→ **THE PROBLEM**
Needed from the data below: every line from the one with "finite_union_of_polyhedron_rho_preimage[OF R(2)]] ." up to and including the one with "using \<sigma> \<open>0", repeated exactly and with nothing else.

◇ ◇ ◇ ◇

text \<open>rho stretches {gauge \<le> 1/2} radially by the factor 2 onto P and folds the collar
  {1/2 < gauge < 1} back onto {1/2 < gauge \<le> 1}; rho_inv_inner and rho_inv_outer below are the
  inverses of these two branches.\<close>
definition rho_divisor :: "'a \<Rightarrow> real" where
  "rho_divisor y = max (1/2) (3 * gauge y - 1)"

definition rho :: "'a \<Rightarrow> 'a" where
  "rho y = c + (1 / rho_divisor y) *\<^sub>R (y - c)"

lemma rho_divisor_ge: "1/2 \<le> rho_divisor y"
  by (simp add: rho_divisor_def)

lemma rho_divisor_pos: "0 < rho_divisor y"
  using rho_divisor_ge[of y] by linarith

lemma gauge_rho: "gauge (rho y) = gauge y / rho_divisor y"
  using gauge_radial[of "1 / rho_divisor y" y] rho_divisor_pos[of y] by (simp add: rho_def)

lemma rho_divisor_Max:
  "rho_divisor y =
     Max ((\<lambda>(p, q). p \<bullet> y + q) ` insert (0, 1/2) ((\<lambda>n. (3 *\<^sub>R n, - 3 * (n \<bullet> c) - 1)) ` insert 0 N))"
proof -
  have "mono (\<lambda>t::real. 3 * t - 1)" by (auto intro: monoI)
  then have "3 * gauge y - 1 = Max ((\<lambda>n. 3 * (n \<bullet> (y - c)) - 1) ` insert 0 N)"
    unfolding gauge_def by (subst mono_Max_commute) (auto simp: finite_N image_image)
  then show ?thesis
    by (simp add: rho_divisor_def image_image finite_N inner_diff_right algebra_simps)
qed

lemma rho_in_P:
  assumes "y \<in> affine hull P"
  shows "rho y \<in> P"
proof -
  have "gauge y \<le> rho_divisor y" by (simp add: rho_divisor_def)
  then have "gauge (rho y) \<le> 1"
    using rho_divisor_pos[of y] by (simp add: gauge_rho pos_divide_le_eq)
  moreover have "rho y \<in> affine hull P"
    unfolding rho_def using assms by (rule affine_hull_radial)
  ultimately show ?thesis by (simp add: mem_P_iff)
qed

definition rho_inv_inner :: "'a \<Rightarrow> 'a" where
  "rho_inv_inner w = c + (1/2) *\<^sub>R (w - c)"

definition rho_inv_outer :: "'a \<Rightarrow> 'a" where
  "rho_inv_outer w = c + (1 / (3 * gauge w - 1)) *\<^sub>R (w - c)"

lemma rho_inv_inner:
  assumes "w \<in> P"
  shows "rho_inv_inner w \<in> rel_interior P \<and> rho (rho_inv_inner w) = w"
proof -
  have w: "w \<in> affine hull P" "gauge w \<le> 1" using assms mem_P_iff by auto
  have g: "gauge (rho_inv_inner w) = gauge w / 2"
    using gauge_radial[of "1/2" w] by (simp add: rho_inv_inner_def)
  then have "rho_divisor (rho_inv_inner w) = 1/2"
    using w(2) by (simp add: rho_divisor_def)
  then have "rho (rho_inv_inner w) = w"
    by (simp add: rho_def rho_inv_inner_def)
  moreover have "rho_inv_inner w \<in> rel_interior P"
    using w g by (simp add: mem_rel_interior_iff rho_inv_inner_def affine_hull_radial)
  ultimately show ?thesis by blast
qed

lemma rho_inv_outer:
  assumes "w \<in> P" and "1/2 < gauge w"
  shows "rho_inv_outer w \<in> rel_interior P \<and> rho (rho_inv_outer w) = w"
proof -
  define r where "r = gauge w"
  have w: "w \<in> affine hull P" "r \<le> 1" "1/2 < r" using assms mem_P_iff by (auto simp: r_def)
  have g: "gauge (rho_inv_outer w) = r / (3 * r - 1)"
    using gauge_radial[of "1 / (3 * r - 1)" w] w(3) by (simp add: rho_inv_outer_def r_def)
  have "3 * (r / (3 * r - 1)) - 1 = 1 / (3 * r - 1)" "1/2 \<le> 1 / (3 * r - 1)"
    using w by (simp_all add: field_simps)
  then have "rho_divisor (rho_inv_outer w) = 1 / (3 * r - 1)"
    by (simp add: rho_divisor_def g)
  then have "rho (rho_inv_outer w) = w"
    using w(3) by (simp add: rho_def rho_inv_outer_def r_def)
  moreover have "r / (3 * r - 1) < 1" using w(3) by (simp add: field_simps)
  then have "rho_inv_outer w \<in> rel_interior P"
    using w g by (simp add: mem_rel_interior_iff rho_inv_outer_def affine_hull_radial)
  ultimately show ?thesis by blast
qed

lemma rho_inv_inner_rho: "gauge y \<le> 1/2 \<Longrightarrow> rho_inv_inner (rho y) = y"
  by (simp add: rho_inv_inner_def rho_def rho_divisor_def)

lemma rho_inv_outer_rho:
  assumes "1/2 < gauge y"
  shows "rho_inv_outer (rho y) = y"
proof -
  define s where "s = gauge y"
  have D: "rho_divisor y = 3 * s - 1" using assms by (simp add: rho_divisor_def s_def)
  have "3 * gauge (rho y) - 1 = 1 / (3 * s - 1)"
    using assms by (simp add: gauge_rho D s_def[symmetric] field_simps)
  then show ?thesis
    using assms by (simp add: rho_inv_outer_def rho_def D s_def[symmetric])
qed

lemma isCont_rho_inv_outer:
  assumes "1/3 < gauge w"
  shows "isCont rho_inv_outer w"
proof -
  have "3 * gauge w - 1 \<noteq> 0" using assms by simp
  then show ?thesis
    unfolding rho_inv_outer_def[abs_def] by (intro continuous_intros isCont_gauge) auto
qed

lemma rho_image: "rho ` rel_interior P = P"
proof
  show "rho ` rel_interior P \<subseteq> P"
    using rho_in_P mem_rel_interior_iff by auto
  show "P \<subseteq> rho ` rel_interior P"
    using rho_inv_inner by (metis image_eqI subsetI)
qed

lemma rho_local_inverse:
  assumes "y \<in> rel_interior P"
  obtains \<sigma> e where "isCont \<sigma> (rho y)" and "\<sigma> (rho y) = y" and "0 < e"
    and "\<And>w. w \<in> P \<Longrightarrow> dist w (rho y) < e \<Longrightarrow> \<sigma> w \<in> rel_interior P \<and> rho (\<sigma> w) = w"
proof (cases "gauge y \<le> 1/2")
  case True
  have "isCont rho_inv_inner (rho y)"
    unfolding rho_inv_inner_def[abs_def] by (intro continuous_intros)
  with True show ?thesis
    using that[of rho_inv_inner 1] rho_inv_inner rho_inv_inner_rho by simp
next
  case False
  have "gauge y < 1" using assms mem_rel_interior_iff by blast
  with False have g: "1/2 < gauge (rho y)"
    by (simp add: gauge_rho rho_divisor_def field_simps)
  then obtain e where e: "0 < e"
      "\<And>w. dist w (rho y) < e \<Longrightarrow> dist (gauge w) (gauge (rho y)) < gauge (rho y) - 1/2"
    using isCont_gauge[of "rho y"] unfolding continuous_at_eps_delta by (metis diff_gt_0_iff_gt)
  have "1/2 < gauge w" if "dist w (rho y) < e" for w
    using e(2)[OF that] by (simp add: dist_real_def)
  moreover have "isCont rho_inv_outer (rho y)"
    using g by (intro isCont_rho_inv_outer) simp
  ultimately show ?thesis
    using that[of rho_inv_outer e] e(1) False rho_inv_outer rho_inv_outer_rho by simp
qed

lemma finite_union_of_polyhedron_rho_preimage_halfspace:
  "(finite union_of polyhedron) {y. u \<bullet> rho y \<le> r}"
proof -
  have eq: "u \<bullet> rho y \<le> r \<longleftrightarrow> u \<bullet> y + - (u \<bullet> c) \<le> (r - u \<bullet> c) * rho_divisor y" for y
  proof -
    have "u \<bullet> rho y = u \<bullet> c + (u \<bullet> y - u \<bullet> c) / rho_divisor y"
      by (simp add: rho_def inner_add_right inner_diff_right)
    then have "u \<bullet> rho y \<le> r \<longleftrightarrow> (u \<bullet> y - u \<bullet> c) / rho_divisor y \<le> r - u \<bullet> c" by linarith
    also have "\<dots> \<longleftrightarrow> u \<bullet> y - u \<bullet> c \<le> (r - u \<bullet> c) * rho_divisor y"
      using rho_divisor_pos[of y] by (rule pos_divide_le_eq)
    finally show ?thesis by simp
  qed
  have "(finite union_of polyhedron) {y. u \<bullet> y + - (u \<bullet> c) \<le> (r - u \<bullet> c) * rho_divisor y}"
    unfolding rho_divisor_Max by (rule finite_union_of_polyhedron_le_mult_Max) (simp_all add: finite_N)
  then show ?thesis by (simp only: eq)
qed

lemma finite_union_of_polyhedron_rho_preimage:
  assumes "pl_polyhedron R"
  shows "(finite union_of polyhedron) {y. rho y \<in> R}"
proof -
  have "(finite union_of polyhedron) {y. rho y \<in> T}" if T: "polytope T" for T
  proof -
    obtain H where H: "finite H" "T = \<Inter>H" "\<forall>h\<in>H. \<exists>u r. u \<noteq> 0 \<and> h = {x. u \<bullet> x \<le> r}"
      using polytope_imp_polyhedron[OF T] unfolding polyhedron_def by metis
    have "(finite union_of polyhedron) {y. rho y \<in> h}" if "h \<in> H" for h
    proof -
      obtain u r where "h = {x. u \<bullet> x \<le> r}" using H(3) \<open>h \<in> H\<close> by metis
      then show ?thesis using finite_union_of_polyhedron_rho_preimage_halfspace by simp
    qed
    then have "(finite union_of polyhedron) (\<Inter>h\<in>H. {y. rho y \<in> h})"
      using H(1) by (rule finite_union_of_polyhedron_INT[rotated])
    moreover have "{y. rho y \<in> T} = (\<Inter>h\<in>H. {y. rho y \<in> h})" unfolding H(2) by blast
    ultimately show ?thesis by simp
  qed
  moreover obtain \<U> where \<U>: "finite \<U>" "\<U> \<subseteq> Collect polytope" "R = \<Union>\<U>"
    using assms unfolding pl_polyhedron_iff_union_of_polytope union_of_def by blast
  ultimately have "(finite union_of polyhedron) (\<Union>T\<in>\<U>. {y. rho y \<in> T})"
    by (intro finite_union_of_polyhedron_UN) auto
  moreover have "{y. rho y \<in> R} = (\<Union>T\<in>\<U>. {y. rho y \<in> T})" unfolding \<U>(3) by blast
  ultimately show ?thesis by simp
qed

lemma rel_interior_in_Sub_o: "rel_interior P \<in> Sub_o P"
proof -
  have "y \<in> rel_interior P \<longleftrightarrow> y \<in> P \<and> (\<forall>n\<in>N. n \<bullet> y < 1 + n \<bullet> c)" for y
    by (auto simp: mem_rel_interior_iff mem_P_iff gauge_less_iff gauge_le_iff inner_diff_right)
  then have "rel_interior P = P - (\<Union>n\<in>N. {y. n \<bullet> y \<ge> 1 + n \<bullet> c})"
    by (auto simp: not_le) (meson not_le)
  moreover have "(finite union_of polyhedron) (\<Union>n\<in>N. {y. n \<bullet> y \<ge> 1 + n \<bullet> c})"
    by (intro finite_union_of_polyhedron_UN finite_N finite_union_of_inc polyhedron_halfspace_ge)
  ultimately show ?thesis using polytope_Diff_in_Sub_o[OF polytope] by simp
qed

lemma rho_preimage_in_Sub_o_rel:
  assumes "V \<in> Sub_o P"
  shows "{y \<in> rel_interior P. rho y \<in> V} \<in> Sub_o_rel P (rel_interior P)"
proof -
  obtain R where R: "V = P - R" "pl_polyhedron R"
    using assms unfolding Sub_o_def by blast
  have "P - {y. rho y \<in> R} \<in> Sub_o P"
    using polytope_Diff_in_Sub_o[OF polytope finite_union_of_polyhedron_rho_preimage[OF R(2)]] .
  moreover have "{y \<in> rel_interior P. rho y \<in> V} = (P - {y. rho y \<in> R}) \<inter> rel_interior P"
    using rho_image rel_interior_subset unfolding R(1) by blast
  ultimately show ?thesis unfolding Sub_o_rel_def by blast
qed

lemma rho_image_Sub_o_rel_nhds:
  assumes W: "W \<in> Sub_o_rel P (rel_interior P)" and y: "y \<in> W"
  shows "\<exists>V\<in>Sub_o P. rho y \<in> V \<and> V \<subseteq> rho ` W"
proof -
  obtain R where R: "W = (P - R) \<inter> rel_interior P" "pl_polyhedron R"
    using W unfolding Sub_o_rel_def Sub_o_def by blast
  have yO: "y \<in> rel_interior P" using y R(1) by blast
  have "open (- R)" using pl_polyhedron_imp_compact[OF R(2)] by (simp add: compact_imp_closed open_Compl)
  then obtain \<epsilon> where "0 < \<epsilon>" and \<epsilon>: "ball y \<epsilon> \<subseteq> - R"
    using y R(1) open_contains_ball by blast
  obtain \<sigma> e where \<sigma>: "isCont \<sigma> (rho y)" "\<sigma> (rho y) = y" and "0 < e"
    and inv: "\<And>w. w \<in> P \<Longrightarrow> dist w (rho y) < e \<Longrightarrow> \<sigma> w \<in> rel_interior P \<and> rho (\<sigma> w) = w"
    using rho_local_inverse[OF yO] by blast
  obtain d where "0 < d" and d: "\<And>w. dist w (rho y) < d \<Longrightarrow> dist (\<sigma> w) y < \<epsilon>"
    using \<sigma> \<open>0 < \<epsilon>\<close> unfolding continuous_at_eps_delta by metis
  obtain V where V: "V \<in> Sub_o P" "rho y \<in> V" "V \<subseteq> ball (rho y) (min d e)"
    using Sub_o_nhds[OF polytope, of "rho y" "min d e"] rho_image yO \<open>0 < d\<close> \<open>0 < e\<close> by auto
  have "V \<subseteq> rho ` W"
  proof
    fix w assume "w \<in> V"
    then have w: "w \<in> P" "dist w (rho y) < d" "dist w (rho y) < e"
      using V Sub_o_subset by (auto simp: dist_commute)
    then have "\<sigma> w \<in> ball y \<epsilon>" using d by (simp add: dist_commute)
    then have "\<sigma> w \<in> W" using inv[OF w(1,3)] \<epsilon> rel_interior_subset R(1) by blast
    then show "w \<in> rho ` W" using inv[OF w(1,3)] by force
  qed
  with V show ?thesis by blast
qed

◇ ◇ ◇ ◇

→ **WRITTEN SOLUTION**
    using polytope_Diff_in_Sub_o[OF polytope finite_union_of_polyhedron_rho_preimage[OF R(2)]] .
  moreover have "{y \<in> rel_interior P. rho y \<in> V} = (P - {y. rho y \<in> R}) \<inter> rel_interior P"
    using rho_image rel_interior_subset unfolding R(1) by blast
  ultimately show ?thesis unfolding Sub_o_rel_def by blast
qed

lemma rho_image_Sub_o_rel_nhds:
  assumes W: "W \<in> Sub_o_rel P (rel_interior P)" and y: "y \<in> W"
  shows "\<exists>V\<in>Sub_o P. rho y \<in> V \<and> V \<subseteq> rho ` W"
proof -
  obtain R where R: "W = (P - R) \<inter> rel_interior P" "pl_polyhedron R"
    using W unfolding Sub_o_rel_def Sub_o_def by blast
  have yO: "y \<in> rel_interior P" using y R(1) by blast
  have "open (- R)" using pl_polyhedron_imp_compact[OF R(2)] by (simp add: compact_imp_closed open_Compl)
  then obtain \<epsilon> where "0 < \<epsilon>" and \<epsilon>: "ball y \<epsilon> \<subseteq> - R"
    using y R(1) open_contains_ball by blast
  obtain \<sigma> e where \<sigma>: "isCont \<sigma> (rho y)" "\<sigma> (rho y) = y" and "0 < e"
    and inv: "\<And>w. w \<in> P \<Longrightarrow> dist w (rho y) < e \<Longrightarrow> \<sigma> w \<in> rel_interior P \<and> rho (\<sigma> w) = w"
    using rho_local_inverse[OF yO] by blast
  obtain d where "0 < d" and d: "\<And>w. dist w (rho y) < d \<Longrightarrow> dist (\<sigma> w) y < \<epsilon>"
    using \<sigma> \<open>0 < \<epsilon>\<close> unfolding continuous_at_eps_delta by metis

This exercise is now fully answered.